lemma psi_less_iff_less_psi_root:
  assumes "2 < \<alpha>" "\<alpha> < 4" "0 < c" "0 < y"
  shows "psi \<alpha> y < c \<longleftrightarrow> y < psi_root \<alpha> c"
    and "c < psi \<alpha> y \<longleftrightarrow> psi_root \<alpha> c < y"
proof -
  let ?x = "psi_root \<alpha> c"
  have x: "0 < ?x" "psi \<alpha> ?x = c"
    using psi_root[OF assms(1-3)] by auto
  have below: "psi \<alpha> y < c" if "y < ?x"
    using psi_strict_mono[of \<alpha> y ?x] that x assms by force
  have above: "c < psi \<alpha> y" if "?x < y"
    using psi_strict_mono[of \<alpha> ?x y] that x assms by simp
  show "psi \<alpha> y < c \<longleftrightarrow> y < ?x" "c < psi \<alpha> y \<longleftrightarrow> ?x < y"
    using below above x by (cases y ?x rule: linorder_cases; force)+
qed

lemma less_psi_root:
  assumes "2 < \<alpha>" "\<alpha> < 4" "0 < c"
  shows "c < psi_root \<alpha> c"
  using psi_less_iff_less_psi_root(1)[OF assms assms(3)] psi_less_self[of c \<alpha>] assms by simp

lemma psi_root_mono:
  assumes "2 < \<alpha>" "\<alpha> < 4" "0 < c" "c \<le> c'"
  shows "psi_root \<alpha> c \<le> psi_root \<alpha> c'"
proof -
  have "0 < c'" "0 < psi_root \<alpha> c'" "psi \<alpha> (psi_root \<alpha> c') = c'"
    using psi_root[of \<alpha> c'] assms by auto
  then show ?thesis
    using psi_less_iff_less_psi_root(1)[of \<alpha> c "psi_root \<alpha> c'"] assms by fastforce
qed

section \<open>Optimising over the SINR threshold\<close>

definition W :: "real \<Rightarrow> real \<Rightarrow> real \<Rightarrow> real" where
  "W k S t = ln (1 + t powr k) * exp (- S * t)"

lemma W_pos: "0 < t \<Longrightarrow> 0 < W k S t"
  unfolding W_def by (intro mult_pos_pos ln_gt_zero) auto

lemma continuous_on_W: "continuous_on {0<..} (W k S)"
  unfolding W_def[abs_def] by (intro continuous_intros) (auto simp: add_nonneg_eq_0_iff)

lemma continuous_attains_sup_at_right_0_at_top:
  fixes f :: "real \<Rightarrow> real"
  assumes "continuous_on {0<..} f" "(f \<longlongrightarrow> 0) (at_right 0)" "(f \<longlongrightarrow> 0) at_top"
    and "0 < t0" "0 < f t0"
  shows "\<exists>t>0. \<forall>u>0. f u \<le> f t"
proof -
  obtain p where p: "0 < p" "\<And>u. 0 < u \<Longrightarrow> u < p \<Longrightarrow> f u < f t0"
    using order_tendstoD(2)[OF assms(2,5)] unfolding eventually_at_right_field by auto
  obtain q where q: "\<And>u. q \<le> u \<Longrightarrow> f u < f t0"
    using order_tendstoD(2)[OF assms(3,5)] unfolding eventually_at_top_linorder by auto
  let ?I = "{min p t0..max q t0}"
  have "continuous_on ?I f"
    using assms(1) by (rule continuous_on_subset) (use p assms(4) in auto)
  moreover have "?I \<noteq> {}"
    by (simp add: min_le_iff_disj)
  ultimately obtain t where t: "t \<in> ?I" "\<And>u. u \<in> ?I \<Longrightarrow> f u \<le> f t"
    using continuous_attains_sup[of ?I f] by auto
  have "f t0 \<le> f t"
    using t(2) by simp
  then have "f u \<le> f t" if "0 < u" for u
    using t(2)[of u] p(2)[of u] q[of u] that
    by (cases "u \<in> ?I") (auto simp: min_le_iff_disj le_max_iff_disj)
  moreover have "0 < t"
    using t(1) p(1) assms(4) by (auto simp: min_le_iff_disj)
  ultimately show ?thesis
    by blast
qed

lemma W_attains_sup:
  assumes "0 < k" "0 < S"
  shows "\<exists>t>0. \<forall>u>0. W k S u \<le> W k S t"
proof (rule continuous_attains_sup_at_right_0_at_top[OF continuous_on_W _ _ zero_less_one W_pos])
  show "(W k S \<longlongrightarrow> 0) (at_right 0)" "(W k S \<longlongrightarrow> 0) at_top"
    unfolding W_def[abs_def] using assms by real_asymp+
qed simp

lemma W_has_real_derivative:
  assumes "0 < t"
  shows "(W k S has_real_derivative
     k * t powr (k - 1) / (1 + t powr k) * exp (- S * t) - S * ln (1 + t powr k) * exp (- S * t)) (at t)"
proof -
  have "(W k S has_real_derivative
     k * t powr (k - 1) / (1 + t powr k) * exp (- S * t) + ln (1 + t powr k) * (exp (- S * t) * (- S))) (at t)"
    unfolding W_def[abs_def] using assms by (auto intro!: derivative_eq_intros simp: add_pos_pos)
  then show ?thesis
    by (simp add: algebra_simps)
qed

lemma Phi_at_maximizer_of_W:
  assumes "0 < t" "\<And>u. 0 < u \<Longrightarrow> W k S u \<le> W k S t"
  shows "S * Phi k t = k"
proof -
  have "k * t powr (k - 1) / (1 + t powr k) * exp (- S * t) - S * ln (1 + t powr k) * exp (- S * t) = 0"
    using assms by (intro DERIV_local_max[OF W_has_real_derivative \<open>0 < t\<close>]) auto
  then have "k * t powr (k - 1) / (1 + t powr k) = S * ln (1 + t powr k)"
    by (metis exp_not_eq_zero mult_cancel_right right_minus_eq)
  moreover have "0 < 1 + t powr k"
    by (simp add: add_pos_nonneg)
  ultimately have "k * t powr (k - 1) = S * ln (1 + t powr k) * (1 + t powr k)"
    by (simp add: divide_eq_eq)
  moreover have "t * t powr (k - 1) = t powr k"
    using assms by (simp add: powr_mult_base)
  ultimately have "t * (S * ln (1 + t powr k) * (1 + t powr k)) = k * t powr k"
    by (metis mult.left_commute)
  then show ?thesis
    unfolding Phi_def phi_def using assms by (simp add: field_simps)
qed
(* Let $\Gamma$ be a distance-regular graph with classical parameters $(D,b,\alpha,\beta)$ such that $b\ge2$ and $D\ge3$, which is geometric with respect to a set $\mathcal C$ of Delsarte cliques. Then: for each $j\in\{0,1,\dots,D-1\}$, each $C\in\mathcal C$ and each vertex $x$ at distance $j$ from $C$, the number of vertices of $C$ at distance $j$ from $x$ is $\phi_j=1+\alpha[j]$; and for each $j\in\{1,\dots,D\}$ and vertices $x,y$ at distance $j$, the number of cliques in $\mathcal C$ containing $x$ and at distance $j-1$ from $y$ is $\tau_j=[j]$.
   Context: Distance-regular graph with intersection numbers $b_i,c_i$, valency $k=b_0$. For integer $b\ne1$, $[j]=\frac{b^j-1}{b-1}$. Classical parameters $(D,b,\alpha,\beta)$: diameter $D$, $b_i=([D]-[i])(\beta-\alpha[i])$, $c_i=[i](1+\alpha[i-1])$. A Delsarte clique is a clique with $1+\frac{k}{-\theta_{\min}}$ vertices, $\theta_{\min}$ the smallest adjacency eigenvalue; geometric with respect to $\mathcal C$ means every edge lies in exactly one member of $\mathcal C$. Distance from a vertex to a clique $C$: $\min_{y\in C}d(x,y)$. *)

theory Defs
  imports Complex_Main
begin
(* Let $x=(x_1,\dots,x_n)\in B^n$ and suppose that its expansion under the multiplicative Selmer algorithm $S$ eventually becomes periodic, i.e. there are $m\geq 0$, $p\geq 1$ with $S^{m+p}x=S^mx$. Then \begin{equation*} \lim_{s\to\infty}\left(\frac{B_1^{(s)}}{B_0^{(s)}},\dots,\frac{B_n^{(s)}}{B_0^{(s)}}\right)=x. \end{equation*} Thus the periodic multiplicative algorithm of Selmer is weakly convergent and even uniformly weakly convergent, i.e. for every column index $g$, $0\leq g\leq n$, the ratios $\left(\frac{B^{(s)}_{1g}}{B^{(s)}_{0g}},\dots,\frac{B^{(s)}_{ng}}{B^{(s)}_{0g}}\right)$ of the entries of $\beta^{(s)}$ converge to $x$ as $s\to\infty$.
   Context: Let $B^n:=\{(x_1,\dots,x_n):\,1\geq x_1\geq\dots\geq x_n\geq 0\}$. The multiplicative Selmer algorithm (MSA) is the map $S\colon B^n\to B^n$, \begin{equation*} S(x_1,\dots,x_n)=\left(\frac{x_2}{x_1},\dots,\frac{x_n}{x_1},\frac{1-kx_n}{x_1}\right),\qquad k=k(x):=\left[x_n^{-1}\right], \end{equation*} with digit set $\mathbb{N}$ and cells $B(k)=\{x\in B^n:\frac{1}{k+1}<x_n\leq\frac1k\}$. The digits of $x$ are $k_i=k(S^{i-1}x)$, $i\geq 1$. To the digit $k$ one associates the $(n+1)\times(n+1)$-matrix $\beta(k)$ whose first row is $(0,\dots,0,k,1)$ (entry $k$ in the second-to-last column, entry $1$ in the last column), whose entries directly below the main diagonal are $1$, and whose other entries are $0$; it satisfies $\det\beta(k)=\pm1$. For $s\geq 1$ put $\beta^{(s)}(k_1,\dots,k_s):=\beta(k_1)\cdots\beta(k_s)=((B^{(s)}_{ij}))_{0\leq i,j\leq n}$, with $\beta^{(0)}$ the identity matrix. Its columns are written as \begin{equation*} \beta^{(s)}=\begin{pmatrix} B_0^{(s-n+1)} & \dots & B_0^{(s-1)} & B_0^{(s)} & B_0^{(s-n)} \\ \vdots & & & & \vdots\\ B_n^{(s-n+1)} & \dots & B_n^{(s-1)} & B_n^{(s)} & B_n^{(s-n)} \end{pmatrix}, \end{equation*} so $B_i^{(s)}$ is the entry in row $i$ and second-to-last column of $\beta^{(s)}$, and $B_i^{(s+1)}=k_{s+1}B_i^{(s-n+1)}+B_i^{(s-n)}$ for $i=0,\dots,n$. If $y=S^sx$ then $x_i=\frac{B_i^{(s-n+1)}+y_1B_i^{(s-n+2)}+\dots+y_{n-1}B_i^{(s)}+y_nB_i^{(s-n)}}{B_0^{(s-n+1)}+y_1B_0^{(s-n+2)}+\dots+y_{n-1}B_0^{(s)}+y_nB_0^{(s-n)}}$, $1\leq i\leq n$. *)

theory Defs
  imports Complex_Main "Jordan_Normal_Form.Matrix"
begin

text \<open>Points of B^n are represented as functions x :: nat => real, where only the
coordinates x 1, ..., x n matter.\<close>

definition inB :: "nat \<Rightarrow> (nat \<Rightarrow> real) \<Rightarrow> bool" where
  "inB n x \<longleftrightarrow> x 1 \<le> 1 \<and> (\<forall>i\<in>{1..<n}. x (Suc i) \<le> x i) \<and> 0 \<le> x n"

definition selmer_digit :: "nat \<Rightarrow> (nat \<Rightarrow> real) \<Rightarrow> nat" where
  "selmer_digit n x = nat \<lfloor>1 / x n\<rfloor>"

definition selmer :: "nat \<Rightarrow> (nat \<Rightarrow> real) \<Rightarrow> (nat \<Rightarrow> real)" where
  "selmer n x = (\<lambda>i. if 1 \<le> i \<and> i < n then x (Suc i) / x 1
                      else if i = n then (1 - real (selmer_digit n x) * x n) / x 1
                      else 0)"

definition beta :: "nat \<Rightarrow> nat \<Rightarrow> real mat" where
  "beta n k = mat (Suc n) (Suc n) (\<lambda>(i, j).
      if i = 0 then (if j = n - 1 then real k else 0) + (if j = n then 1 else 0)
      else if j + 1 = i then 1 else 0)"

fun betas :: "nat \<Rightarrow> (nat \<Rightarrow> real) \<Rightarrow> nat \<Rightarrow> real mat" where
  "betas n x 0 = 1\<^sub>m (Suc n)"
| "betas n x (Suc s) = betas n x s * beta n (selmer_digit n ((selmer n ^^ s) x))"

end

theory Submission
  imports Defs
begin

text \<open>Let \<open>z = (1, x\<^sub>1, \<dots>, x\<^sub>n)\<close>. One step of the algorithm gives \<open>z = x\<^sub>1 \<beta>(k\<^sub>1) (1, S x)\<close>, so \<open>z\<close> is a
  positive multiple of \<open>\<beta>\<^sup>(\<^sup>s\<^sup>)\<close> applied to the homogeneous coordinates of \<open>S\<^sup>s x\<close>. After the preperiod
  the orbit is periodic, and since all digits are at least 1, a block of \<open>L = p (n\<^sup>2 + 2n + 1)\<close> steps
  yields a strictly positive matrix \<open>P\<close> having the homogeneous coordinates \<open>w\<close> of the periodic
  point as eigenvector. Such a matrix contracts the relative oscillation of any nonnegative vector
  about \<open>w\<close> by the factor \<open>1 - c/\<lambda> < 1\<close> (\<open>c\<close> the least entry of \<open>P\<close>, \<open>\<lambda>\<close> its eigenvalue). Hence every
  column of \<open>\<beta>\<^sup>(\<^sup>s\<^sup>)\<close> is, up to a geometrically small error, proportional to \<open>\<beta>\<^sup>(\<^sup>m\<^sup>+\<^sup>1\<^sup>) w\<close>, that is, to \<open>z\<close>.\<close>

lemma beta_carrier [simp]: "beta n k \<in> carrier_mat (Suc n) (Suc n)"
  unfolding beta_def by simp
(* Let $(\mathcal Q,d)$ be a Hadamard space, let $\gamma:I_\gamma\to\mathcal Q$ be a unit-speed geodesic and let $y\in\mathcal Q$. Then the function $I_\gamma\to\mathbb R$, $t\mapsto d(y,\gamma(t))$, is $\mathcal G$-convex.
   Context: A Hadamard space is a complete metric space $(\mathcal Q,d)$ such that for all $y_0,y_1$ there is $m$ with $\frac12 d(y_0,q)^2+\frac12 d(y_1,q)^2-\frac14 d(y_0,y_1)^2\ge d(q,m)^2$ for all $q$. A unit-speed geodesic is a map $\gamma:I_\gamma\to\mathcal Q$ on an interval $I_\gamma\subset\mathbb R$ with $d(\gamma(s),\gamma(t))=|s-t|$. $\mathcal G:=\{t\mapsto\sqrt{(t-t_0)^2+h^2}:\ t_0\in\mathbb R,\ h\ge0\}$; a function $f:I\to\mathbb R$ on an interval $I$ is $\mathcal G$-convex if for every $t_0\in I$ there is $g\in\mathcal G$ with $g(t_0)=f(t_0)$ and $g(s)\le f(s)$ for all $s\in I$. *)

theory Defs
  imports "HOL-Analysis.Analysis"
begin

definition hadamard_space :: "'a::{metric_space,complete_space} itself \<Rightarrow> bool" where
  "hadamard_space _ \<longleftrightarrow>
     (\<forall>y0 y1 :: 'a. \<exists>m :: 'a. \<forall>q :: 'a.
        (1/2) * (dist y0 q)^2 + (1/2) * (dist y1 q)^2 - (1/4) * (dist y0 y1)^2 \<ge> (dist q m)^2)"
====================
* Work to complete
Search the material for the string "forall" and show every line that has it.

* Exercise answer
  shows "\<exists>t>0. \<forall>u>0. f u \<le> f t"
  shows "\<exists>t>0. \<forall>u>0. W k S u \<le> W k S t"
  "inB n x \<longleftrightarrow> x 1 \<le> 1 \<and> (\<forall>i\<in>{1..<n}. x (Suc i) \<le> x i) \<and> 0 \<le> x n"
     (\<forall>y0 y1 :: 'a. \<exists>m :: 'a. \<forall>q :: 'a.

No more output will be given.